| Raw data |
(* Let $q\ge5$ be a prime power and let $\mathcal{C}_\mathscr{C}$ be the $[q+1,q-3,5]_q$ code with parity check matrix whose columns are the vectors $(1,t,t^2,t^3)$, $t\in\mathbb{F}_q$, and $(0,0,0,1)$. All weight-$1$ cosets $\mathcal{V}^{(1)}$ of $\mathcal{C}_\mathscr{C}$ have the same weight distribution, namely $B_0(\mathcal{V}^{(1)})=B_2(\mathcal{V}^{(1)})=B_3(\mathcal{V}^{(1)})=0$, $B_1(\mathcal{V}^{(1)})=1$, $B_4(\mathcal{V}^{(1)})=\binom{q}{4}$, and for $w\ge5$ $$B_w(\mathcal{V}^{(1)})=A_w(\mathcal{C}_\mathscr{C})+(-1)^{w}\left(\binom{q+1}{w}\binom{w-1}{3}-\binom{q}{w-1}\binom{w-2}{2}\right).$$
   Context: A coset of a linear code $\mathcal{C}\subseteq\mathbb{F}_q^n$ is a set $\mathbf{v}+\mathcal{C}$; its weight is the minimum Hamming weight of its vectors. $B_w(\mathcal{V})$ is the number of vectors of Hamming weight $w$ in the coset $\mathcal{V}$, and $A_w(\mathcal{C}_\mathscr{C})$ is the number of codewords of Hamming weight $w$ in $\mathcal{C}_\mathscr{C}$. *)

theory Defs
  imports Main
begin

text \<open>Coordinates of the code are indexed by 'a option: Some t corresponds to the
column (1,t,t^2,t^3), t in F_q, and None to the column (0,0,0,1).
Vectors of F_q^(q+1) are functions 'a option => 'a.\<close>

definition pcm_col :: "'a::{field,finite} option \<Rightarrow> nat \<Rightarrow> 'a" where
  "pcm_col j i = (case j of Some t \<Rightarrow> t ^ i | None \<Rightarrow> (if i = 3 then 1 else 0))"

definition code_C :: "('a::{field,finite} option \<Rightarrow> 'a) set" where
  "code_C = {c. \<forall>i<4. (\<Sum>j\<in>UNIV. c j * pcm_col j i) = 0}"

definition hweight :: "('b \<Rightarrow> 'a::zero) \<Rightarrow> nat" where
  "hweight v = card {j. v j \<noteq> 0}"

| Instructions for the task |
Bring together all lines in the records where the word "hweight" is found.

| Task answer |
definition hweight :: "('b \<Rightarrow> 'a::zero) \<Rightarrow> nat" where
  "hweight v = card {j. v j \<noteq> 0}"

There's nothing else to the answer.